#### [About this task]
Given the records below, pull every line with the word "bexI" into the answer.

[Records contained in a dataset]

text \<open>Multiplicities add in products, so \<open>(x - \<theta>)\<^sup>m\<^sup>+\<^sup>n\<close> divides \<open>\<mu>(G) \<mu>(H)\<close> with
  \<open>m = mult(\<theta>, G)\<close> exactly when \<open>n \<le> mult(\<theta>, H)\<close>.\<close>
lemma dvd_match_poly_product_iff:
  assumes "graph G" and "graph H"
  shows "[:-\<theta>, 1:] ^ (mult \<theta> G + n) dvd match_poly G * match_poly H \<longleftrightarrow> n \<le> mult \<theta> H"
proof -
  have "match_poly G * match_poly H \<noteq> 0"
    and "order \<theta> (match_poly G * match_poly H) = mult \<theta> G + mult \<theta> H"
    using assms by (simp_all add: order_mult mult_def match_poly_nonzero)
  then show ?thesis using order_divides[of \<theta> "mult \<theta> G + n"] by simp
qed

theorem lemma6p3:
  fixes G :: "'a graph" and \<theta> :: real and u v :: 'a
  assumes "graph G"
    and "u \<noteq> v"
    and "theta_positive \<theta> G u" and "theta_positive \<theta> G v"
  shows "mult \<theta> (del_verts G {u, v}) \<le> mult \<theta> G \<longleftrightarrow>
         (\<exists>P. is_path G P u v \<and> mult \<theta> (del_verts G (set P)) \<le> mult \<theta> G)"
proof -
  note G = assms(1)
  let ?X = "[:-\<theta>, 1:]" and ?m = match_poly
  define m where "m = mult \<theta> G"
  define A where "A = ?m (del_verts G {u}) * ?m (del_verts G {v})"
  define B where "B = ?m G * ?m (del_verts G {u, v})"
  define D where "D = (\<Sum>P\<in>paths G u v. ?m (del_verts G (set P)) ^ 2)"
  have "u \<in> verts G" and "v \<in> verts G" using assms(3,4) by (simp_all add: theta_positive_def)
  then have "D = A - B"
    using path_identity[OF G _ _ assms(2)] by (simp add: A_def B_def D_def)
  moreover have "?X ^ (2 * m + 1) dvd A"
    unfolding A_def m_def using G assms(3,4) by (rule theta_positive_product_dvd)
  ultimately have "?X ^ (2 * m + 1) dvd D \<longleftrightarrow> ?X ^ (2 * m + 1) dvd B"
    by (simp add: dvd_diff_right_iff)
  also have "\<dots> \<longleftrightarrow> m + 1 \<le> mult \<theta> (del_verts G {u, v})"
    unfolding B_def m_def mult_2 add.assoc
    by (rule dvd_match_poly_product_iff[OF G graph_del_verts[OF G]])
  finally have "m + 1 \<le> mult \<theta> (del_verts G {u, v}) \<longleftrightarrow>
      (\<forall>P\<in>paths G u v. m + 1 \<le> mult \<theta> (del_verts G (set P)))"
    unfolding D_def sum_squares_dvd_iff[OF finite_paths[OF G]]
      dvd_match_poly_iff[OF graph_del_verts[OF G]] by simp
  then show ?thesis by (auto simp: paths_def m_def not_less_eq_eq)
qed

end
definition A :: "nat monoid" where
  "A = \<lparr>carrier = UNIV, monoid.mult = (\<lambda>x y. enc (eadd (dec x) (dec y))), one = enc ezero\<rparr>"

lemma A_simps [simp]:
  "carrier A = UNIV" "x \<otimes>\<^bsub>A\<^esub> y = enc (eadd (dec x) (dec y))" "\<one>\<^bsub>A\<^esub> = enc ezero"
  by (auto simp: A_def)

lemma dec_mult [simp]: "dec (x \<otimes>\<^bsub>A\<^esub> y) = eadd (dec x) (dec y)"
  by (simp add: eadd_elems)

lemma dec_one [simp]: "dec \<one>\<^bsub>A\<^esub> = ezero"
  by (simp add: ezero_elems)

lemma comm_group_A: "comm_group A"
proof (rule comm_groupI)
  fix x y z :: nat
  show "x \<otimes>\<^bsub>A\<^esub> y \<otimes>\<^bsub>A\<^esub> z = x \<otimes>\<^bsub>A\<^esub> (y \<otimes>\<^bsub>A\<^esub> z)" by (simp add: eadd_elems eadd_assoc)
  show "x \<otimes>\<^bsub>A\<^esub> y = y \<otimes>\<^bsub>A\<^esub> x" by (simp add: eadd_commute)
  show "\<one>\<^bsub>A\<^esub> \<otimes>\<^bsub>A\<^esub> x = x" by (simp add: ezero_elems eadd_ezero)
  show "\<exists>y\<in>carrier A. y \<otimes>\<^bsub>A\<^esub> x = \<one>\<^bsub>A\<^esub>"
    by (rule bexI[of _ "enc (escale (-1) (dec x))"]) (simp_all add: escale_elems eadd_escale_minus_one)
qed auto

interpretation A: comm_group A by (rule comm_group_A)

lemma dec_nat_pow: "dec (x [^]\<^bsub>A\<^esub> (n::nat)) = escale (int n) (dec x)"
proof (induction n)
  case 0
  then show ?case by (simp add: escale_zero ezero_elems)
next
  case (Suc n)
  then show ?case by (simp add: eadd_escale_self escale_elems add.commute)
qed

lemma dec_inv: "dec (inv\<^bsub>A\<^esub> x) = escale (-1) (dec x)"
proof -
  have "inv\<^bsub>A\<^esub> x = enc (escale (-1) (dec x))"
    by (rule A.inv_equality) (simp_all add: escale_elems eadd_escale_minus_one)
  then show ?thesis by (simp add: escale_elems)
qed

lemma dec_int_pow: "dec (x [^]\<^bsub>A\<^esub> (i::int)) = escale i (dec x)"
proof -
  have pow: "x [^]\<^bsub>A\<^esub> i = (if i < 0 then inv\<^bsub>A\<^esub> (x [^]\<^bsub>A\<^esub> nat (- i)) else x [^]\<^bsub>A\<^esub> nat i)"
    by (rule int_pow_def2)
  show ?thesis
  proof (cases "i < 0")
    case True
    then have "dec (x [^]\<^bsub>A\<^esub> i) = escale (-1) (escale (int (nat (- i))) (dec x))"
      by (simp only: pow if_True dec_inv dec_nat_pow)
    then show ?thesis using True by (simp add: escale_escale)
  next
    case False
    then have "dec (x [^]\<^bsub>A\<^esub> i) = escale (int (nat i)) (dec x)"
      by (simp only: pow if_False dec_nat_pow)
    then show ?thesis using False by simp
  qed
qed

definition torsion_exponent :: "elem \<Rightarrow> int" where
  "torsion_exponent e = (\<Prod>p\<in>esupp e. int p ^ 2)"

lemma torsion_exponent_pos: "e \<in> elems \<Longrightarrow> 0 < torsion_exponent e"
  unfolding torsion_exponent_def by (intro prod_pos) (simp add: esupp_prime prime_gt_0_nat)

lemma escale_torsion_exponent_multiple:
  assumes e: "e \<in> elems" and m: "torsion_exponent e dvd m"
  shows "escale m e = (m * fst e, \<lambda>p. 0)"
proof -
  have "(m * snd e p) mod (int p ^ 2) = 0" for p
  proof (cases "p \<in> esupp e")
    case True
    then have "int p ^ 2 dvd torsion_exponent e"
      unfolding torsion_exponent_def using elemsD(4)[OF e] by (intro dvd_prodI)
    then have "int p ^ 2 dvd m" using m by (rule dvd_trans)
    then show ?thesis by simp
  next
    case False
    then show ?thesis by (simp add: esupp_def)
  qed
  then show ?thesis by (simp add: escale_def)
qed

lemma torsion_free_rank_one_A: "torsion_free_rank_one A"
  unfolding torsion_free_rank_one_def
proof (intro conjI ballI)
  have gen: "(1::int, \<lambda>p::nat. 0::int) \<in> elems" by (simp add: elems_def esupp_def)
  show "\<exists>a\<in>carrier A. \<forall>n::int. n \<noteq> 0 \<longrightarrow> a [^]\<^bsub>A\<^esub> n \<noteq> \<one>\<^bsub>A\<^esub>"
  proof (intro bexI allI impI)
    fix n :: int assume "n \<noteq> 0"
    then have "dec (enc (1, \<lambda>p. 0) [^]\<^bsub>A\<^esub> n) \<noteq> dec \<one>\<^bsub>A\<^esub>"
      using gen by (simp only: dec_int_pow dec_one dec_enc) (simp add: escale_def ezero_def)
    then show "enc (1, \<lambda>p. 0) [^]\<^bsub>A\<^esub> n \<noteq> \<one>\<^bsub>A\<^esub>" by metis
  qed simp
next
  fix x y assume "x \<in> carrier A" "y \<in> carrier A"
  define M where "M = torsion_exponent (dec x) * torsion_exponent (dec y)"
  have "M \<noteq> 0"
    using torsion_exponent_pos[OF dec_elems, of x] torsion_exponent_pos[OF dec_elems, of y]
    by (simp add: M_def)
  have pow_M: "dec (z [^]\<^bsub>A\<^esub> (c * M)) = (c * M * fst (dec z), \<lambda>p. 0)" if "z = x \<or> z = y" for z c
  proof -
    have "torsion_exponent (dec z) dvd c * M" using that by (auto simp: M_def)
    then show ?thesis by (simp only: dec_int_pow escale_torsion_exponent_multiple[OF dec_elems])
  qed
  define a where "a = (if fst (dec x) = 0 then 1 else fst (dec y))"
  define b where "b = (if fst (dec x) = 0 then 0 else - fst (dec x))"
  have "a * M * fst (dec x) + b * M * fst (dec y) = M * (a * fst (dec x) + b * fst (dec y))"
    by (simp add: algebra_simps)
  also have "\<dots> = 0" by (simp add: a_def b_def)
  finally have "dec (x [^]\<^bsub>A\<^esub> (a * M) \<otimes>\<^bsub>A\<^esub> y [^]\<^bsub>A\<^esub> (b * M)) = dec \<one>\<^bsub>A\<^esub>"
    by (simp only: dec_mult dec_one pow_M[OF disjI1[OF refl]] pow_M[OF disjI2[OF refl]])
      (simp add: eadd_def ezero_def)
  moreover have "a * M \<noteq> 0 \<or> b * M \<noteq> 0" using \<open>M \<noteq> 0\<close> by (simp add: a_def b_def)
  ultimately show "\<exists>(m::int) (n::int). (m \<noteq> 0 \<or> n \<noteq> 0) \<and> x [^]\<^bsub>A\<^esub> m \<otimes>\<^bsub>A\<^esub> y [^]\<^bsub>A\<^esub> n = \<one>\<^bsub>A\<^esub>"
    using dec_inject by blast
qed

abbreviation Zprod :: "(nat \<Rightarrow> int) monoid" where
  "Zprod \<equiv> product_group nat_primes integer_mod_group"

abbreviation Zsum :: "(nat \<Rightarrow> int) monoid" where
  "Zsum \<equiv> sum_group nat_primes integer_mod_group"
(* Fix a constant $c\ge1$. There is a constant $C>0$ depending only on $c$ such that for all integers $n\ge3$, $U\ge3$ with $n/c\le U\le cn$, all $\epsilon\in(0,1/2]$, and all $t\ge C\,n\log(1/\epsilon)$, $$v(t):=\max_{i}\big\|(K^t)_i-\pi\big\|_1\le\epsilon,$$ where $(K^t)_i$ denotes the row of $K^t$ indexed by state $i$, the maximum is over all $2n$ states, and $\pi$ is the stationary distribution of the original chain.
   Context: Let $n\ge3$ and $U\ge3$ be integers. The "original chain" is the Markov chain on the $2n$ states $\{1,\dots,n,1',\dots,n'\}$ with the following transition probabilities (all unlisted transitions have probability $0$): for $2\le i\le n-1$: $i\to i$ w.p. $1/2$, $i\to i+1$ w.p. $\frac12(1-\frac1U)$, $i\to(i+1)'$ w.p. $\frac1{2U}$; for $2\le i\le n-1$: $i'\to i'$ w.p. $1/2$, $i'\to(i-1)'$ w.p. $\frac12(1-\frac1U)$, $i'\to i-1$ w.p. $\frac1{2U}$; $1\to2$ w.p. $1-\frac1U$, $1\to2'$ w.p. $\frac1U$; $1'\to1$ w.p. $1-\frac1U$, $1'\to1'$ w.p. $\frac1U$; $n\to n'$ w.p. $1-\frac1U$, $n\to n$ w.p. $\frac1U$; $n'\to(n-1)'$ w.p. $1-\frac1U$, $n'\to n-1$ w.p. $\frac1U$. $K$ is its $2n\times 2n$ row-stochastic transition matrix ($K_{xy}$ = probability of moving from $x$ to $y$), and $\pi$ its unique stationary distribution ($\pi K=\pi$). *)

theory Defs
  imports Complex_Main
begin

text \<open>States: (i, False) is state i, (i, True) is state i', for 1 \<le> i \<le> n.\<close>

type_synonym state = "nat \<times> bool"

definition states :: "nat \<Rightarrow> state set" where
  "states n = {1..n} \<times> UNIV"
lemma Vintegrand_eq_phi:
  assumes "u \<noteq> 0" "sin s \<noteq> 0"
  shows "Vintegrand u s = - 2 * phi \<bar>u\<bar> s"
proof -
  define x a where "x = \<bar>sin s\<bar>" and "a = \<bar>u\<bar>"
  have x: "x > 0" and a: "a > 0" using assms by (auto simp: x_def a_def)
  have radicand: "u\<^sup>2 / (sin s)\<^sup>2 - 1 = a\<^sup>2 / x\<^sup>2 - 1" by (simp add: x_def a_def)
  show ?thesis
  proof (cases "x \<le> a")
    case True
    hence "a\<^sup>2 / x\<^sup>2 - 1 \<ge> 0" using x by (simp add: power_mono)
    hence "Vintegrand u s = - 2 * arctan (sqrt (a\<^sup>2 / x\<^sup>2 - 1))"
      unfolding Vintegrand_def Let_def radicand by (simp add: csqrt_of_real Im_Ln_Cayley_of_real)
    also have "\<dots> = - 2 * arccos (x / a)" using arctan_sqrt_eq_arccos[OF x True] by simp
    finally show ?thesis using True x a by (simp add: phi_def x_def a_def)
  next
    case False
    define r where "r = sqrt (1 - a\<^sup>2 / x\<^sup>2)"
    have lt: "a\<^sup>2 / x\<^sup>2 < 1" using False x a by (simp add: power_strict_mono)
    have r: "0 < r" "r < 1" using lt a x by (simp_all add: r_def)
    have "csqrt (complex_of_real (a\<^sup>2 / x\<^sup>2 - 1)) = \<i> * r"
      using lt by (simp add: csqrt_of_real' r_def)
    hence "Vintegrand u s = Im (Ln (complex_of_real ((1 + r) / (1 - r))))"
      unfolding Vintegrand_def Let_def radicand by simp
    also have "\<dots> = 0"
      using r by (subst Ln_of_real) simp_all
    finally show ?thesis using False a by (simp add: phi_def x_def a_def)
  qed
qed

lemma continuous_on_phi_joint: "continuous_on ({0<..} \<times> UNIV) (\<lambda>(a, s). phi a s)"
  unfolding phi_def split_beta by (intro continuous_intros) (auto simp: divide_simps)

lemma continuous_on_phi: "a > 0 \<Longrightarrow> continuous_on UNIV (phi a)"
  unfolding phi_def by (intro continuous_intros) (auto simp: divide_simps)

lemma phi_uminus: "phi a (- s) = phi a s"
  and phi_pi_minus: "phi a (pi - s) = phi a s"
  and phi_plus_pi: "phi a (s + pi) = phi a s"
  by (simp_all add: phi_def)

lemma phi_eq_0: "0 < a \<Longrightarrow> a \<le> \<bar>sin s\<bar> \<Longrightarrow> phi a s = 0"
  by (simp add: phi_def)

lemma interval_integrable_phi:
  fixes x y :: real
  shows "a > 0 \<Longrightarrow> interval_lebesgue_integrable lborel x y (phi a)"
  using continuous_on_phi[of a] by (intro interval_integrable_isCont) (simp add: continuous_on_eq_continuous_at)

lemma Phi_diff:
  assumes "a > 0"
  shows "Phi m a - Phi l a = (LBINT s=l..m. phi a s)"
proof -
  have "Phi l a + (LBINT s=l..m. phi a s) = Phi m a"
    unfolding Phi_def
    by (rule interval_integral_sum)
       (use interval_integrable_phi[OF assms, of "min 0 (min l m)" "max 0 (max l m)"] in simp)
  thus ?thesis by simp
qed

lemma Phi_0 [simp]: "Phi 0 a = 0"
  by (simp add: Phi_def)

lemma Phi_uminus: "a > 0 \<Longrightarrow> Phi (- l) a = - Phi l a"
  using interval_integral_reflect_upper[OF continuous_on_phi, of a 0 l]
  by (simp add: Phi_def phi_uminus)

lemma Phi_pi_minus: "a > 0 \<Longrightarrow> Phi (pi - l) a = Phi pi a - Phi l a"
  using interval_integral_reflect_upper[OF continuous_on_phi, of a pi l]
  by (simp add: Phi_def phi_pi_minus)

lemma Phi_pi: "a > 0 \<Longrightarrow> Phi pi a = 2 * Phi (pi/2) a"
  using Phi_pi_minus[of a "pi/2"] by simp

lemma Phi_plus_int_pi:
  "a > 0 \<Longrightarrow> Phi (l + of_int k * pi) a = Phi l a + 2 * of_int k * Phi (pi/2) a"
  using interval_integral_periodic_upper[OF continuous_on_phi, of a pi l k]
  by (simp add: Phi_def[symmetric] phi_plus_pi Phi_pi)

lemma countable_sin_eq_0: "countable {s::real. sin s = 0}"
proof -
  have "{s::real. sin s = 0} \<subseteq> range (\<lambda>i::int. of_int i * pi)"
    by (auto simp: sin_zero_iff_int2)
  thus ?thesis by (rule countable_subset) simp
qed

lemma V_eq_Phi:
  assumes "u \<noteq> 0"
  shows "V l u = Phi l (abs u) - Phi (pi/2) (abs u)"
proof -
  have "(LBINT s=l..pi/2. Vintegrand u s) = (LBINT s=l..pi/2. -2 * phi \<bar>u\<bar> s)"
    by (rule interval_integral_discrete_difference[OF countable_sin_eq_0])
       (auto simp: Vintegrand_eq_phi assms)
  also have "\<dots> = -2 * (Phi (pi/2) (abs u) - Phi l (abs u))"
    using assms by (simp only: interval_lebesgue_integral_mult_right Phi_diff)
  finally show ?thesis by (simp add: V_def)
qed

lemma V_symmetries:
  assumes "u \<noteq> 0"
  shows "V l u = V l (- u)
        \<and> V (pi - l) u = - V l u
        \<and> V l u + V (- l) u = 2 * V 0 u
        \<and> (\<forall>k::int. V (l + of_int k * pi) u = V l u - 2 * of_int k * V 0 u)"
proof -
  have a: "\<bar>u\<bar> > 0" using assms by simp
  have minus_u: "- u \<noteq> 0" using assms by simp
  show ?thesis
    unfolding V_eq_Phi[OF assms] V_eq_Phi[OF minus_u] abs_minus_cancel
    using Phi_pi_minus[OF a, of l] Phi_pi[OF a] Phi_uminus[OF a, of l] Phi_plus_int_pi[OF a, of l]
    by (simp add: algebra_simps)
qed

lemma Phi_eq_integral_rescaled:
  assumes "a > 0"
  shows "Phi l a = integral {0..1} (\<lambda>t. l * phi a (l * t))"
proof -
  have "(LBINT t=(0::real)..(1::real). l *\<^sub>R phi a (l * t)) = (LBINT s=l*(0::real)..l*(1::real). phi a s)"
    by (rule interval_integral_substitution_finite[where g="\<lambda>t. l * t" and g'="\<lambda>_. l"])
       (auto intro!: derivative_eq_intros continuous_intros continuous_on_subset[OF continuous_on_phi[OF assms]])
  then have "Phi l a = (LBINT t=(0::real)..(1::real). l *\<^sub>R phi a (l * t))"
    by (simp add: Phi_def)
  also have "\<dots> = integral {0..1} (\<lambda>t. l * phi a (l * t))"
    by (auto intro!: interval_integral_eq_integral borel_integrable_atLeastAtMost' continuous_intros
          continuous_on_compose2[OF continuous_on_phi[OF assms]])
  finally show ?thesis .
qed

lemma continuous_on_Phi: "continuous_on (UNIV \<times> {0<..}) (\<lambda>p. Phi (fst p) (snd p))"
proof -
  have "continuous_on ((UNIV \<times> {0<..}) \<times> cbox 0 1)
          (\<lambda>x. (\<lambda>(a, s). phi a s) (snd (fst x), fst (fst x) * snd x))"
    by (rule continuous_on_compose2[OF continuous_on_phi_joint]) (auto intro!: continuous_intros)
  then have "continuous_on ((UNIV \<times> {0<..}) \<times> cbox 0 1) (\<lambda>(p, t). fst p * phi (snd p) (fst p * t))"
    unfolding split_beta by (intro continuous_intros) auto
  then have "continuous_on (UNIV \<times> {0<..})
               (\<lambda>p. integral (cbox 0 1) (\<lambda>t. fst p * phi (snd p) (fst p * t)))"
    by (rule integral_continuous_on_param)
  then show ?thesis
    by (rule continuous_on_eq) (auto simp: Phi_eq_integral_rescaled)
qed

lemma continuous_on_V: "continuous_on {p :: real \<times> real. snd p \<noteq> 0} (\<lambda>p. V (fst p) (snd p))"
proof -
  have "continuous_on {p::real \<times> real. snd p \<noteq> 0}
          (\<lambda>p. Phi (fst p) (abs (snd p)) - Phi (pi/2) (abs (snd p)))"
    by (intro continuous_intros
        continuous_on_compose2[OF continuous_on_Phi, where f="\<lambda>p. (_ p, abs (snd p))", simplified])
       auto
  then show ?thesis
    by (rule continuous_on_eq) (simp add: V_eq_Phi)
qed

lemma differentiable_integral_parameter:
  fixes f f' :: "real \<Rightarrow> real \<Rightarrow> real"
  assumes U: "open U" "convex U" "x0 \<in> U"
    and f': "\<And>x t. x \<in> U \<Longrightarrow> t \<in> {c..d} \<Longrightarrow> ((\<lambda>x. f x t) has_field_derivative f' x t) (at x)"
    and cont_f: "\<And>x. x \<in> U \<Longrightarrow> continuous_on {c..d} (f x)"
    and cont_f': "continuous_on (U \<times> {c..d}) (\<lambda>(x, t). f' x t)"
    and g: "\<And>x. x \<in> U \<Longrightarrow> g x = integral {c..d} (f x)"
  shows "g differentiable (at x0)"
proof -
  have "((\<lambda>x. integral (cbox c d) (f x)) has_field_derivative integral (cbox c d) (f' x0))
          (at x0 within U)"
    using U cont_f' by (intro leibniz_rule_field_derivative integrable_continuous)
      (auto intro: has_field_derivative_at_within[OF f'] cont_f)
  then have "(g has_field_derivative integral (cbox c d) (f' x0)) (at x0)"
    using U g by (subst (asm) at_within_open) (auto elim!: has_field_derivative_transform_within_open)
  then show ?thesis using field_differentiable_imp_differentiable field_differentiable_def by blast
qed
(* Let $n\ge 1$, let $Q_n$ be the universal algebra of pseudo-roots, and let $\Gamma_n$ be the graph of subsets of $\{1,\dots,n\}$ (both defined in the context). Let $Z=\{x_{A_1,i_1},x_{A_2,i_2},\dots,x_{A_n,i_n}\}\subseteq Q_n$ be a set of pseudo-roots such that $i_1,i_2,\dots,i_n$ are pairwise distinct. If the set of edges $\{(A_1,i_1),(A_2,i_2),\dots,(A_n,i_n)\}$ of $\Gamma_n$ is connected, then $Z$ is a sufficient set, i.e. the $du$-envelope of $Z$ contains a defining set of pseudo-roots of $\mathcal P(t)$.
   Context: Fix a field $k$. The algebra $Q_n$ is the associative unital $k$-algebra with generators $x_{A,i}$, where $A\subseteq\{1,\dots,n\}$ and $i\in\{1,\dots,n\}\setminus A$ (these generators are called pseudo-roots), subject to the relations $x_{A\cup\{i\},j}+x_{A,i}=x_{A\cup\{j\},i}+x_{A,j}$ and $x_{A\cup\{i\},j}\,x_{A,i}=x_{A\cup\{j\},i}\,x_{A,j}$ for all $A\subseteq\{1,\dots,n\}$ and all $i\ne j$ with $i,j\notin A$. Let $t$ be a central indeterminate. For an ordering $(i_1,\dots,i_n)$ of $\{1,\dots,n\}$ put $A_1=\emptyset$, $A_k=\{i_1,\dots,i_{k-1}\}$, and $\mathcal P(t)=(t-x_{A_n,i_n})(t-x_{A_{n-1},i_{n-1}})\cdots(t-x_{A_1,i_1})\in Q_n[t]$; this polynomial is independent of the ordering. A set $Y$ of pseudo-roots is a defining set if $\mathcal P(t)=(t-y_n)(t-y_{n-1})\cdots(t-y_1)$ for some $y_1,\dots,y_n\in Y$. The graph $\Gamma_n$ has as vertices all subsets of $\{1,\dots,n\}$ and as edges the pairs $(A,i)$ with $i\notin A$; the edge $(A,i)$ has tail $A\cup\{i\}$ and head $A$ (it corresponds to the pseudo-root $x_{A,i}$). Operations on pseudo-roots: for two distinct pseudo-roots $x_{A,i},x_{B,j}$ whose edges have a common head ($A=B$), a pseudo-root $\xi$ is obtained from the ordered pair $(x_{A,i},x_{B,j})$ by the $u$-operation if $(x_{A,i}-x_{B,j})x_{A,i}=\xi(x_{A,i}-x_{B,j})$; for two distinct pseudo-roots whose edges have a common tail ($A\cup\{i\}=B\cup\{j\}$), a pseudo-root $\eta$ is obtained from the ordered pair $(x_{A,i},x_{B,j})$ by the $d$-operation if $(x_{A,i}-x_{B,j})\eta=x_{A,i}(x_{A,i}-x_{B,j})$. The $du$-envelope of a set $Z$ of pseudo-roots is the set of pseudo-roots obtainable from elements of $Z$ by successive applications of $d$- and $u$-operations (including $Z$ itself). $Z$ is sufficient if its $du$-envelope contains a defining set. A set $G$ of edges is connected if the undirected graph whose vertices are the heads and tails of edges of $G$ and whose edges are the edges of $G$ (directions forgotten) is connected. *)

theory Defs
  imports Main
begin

#### [Expected answer]
    by (rule bexI[of _ "enc (escale (-1) (dec x))"]) (simp_all add: escale_elems eadd_escale_minus_one)
  proof (intro bexI allI impI)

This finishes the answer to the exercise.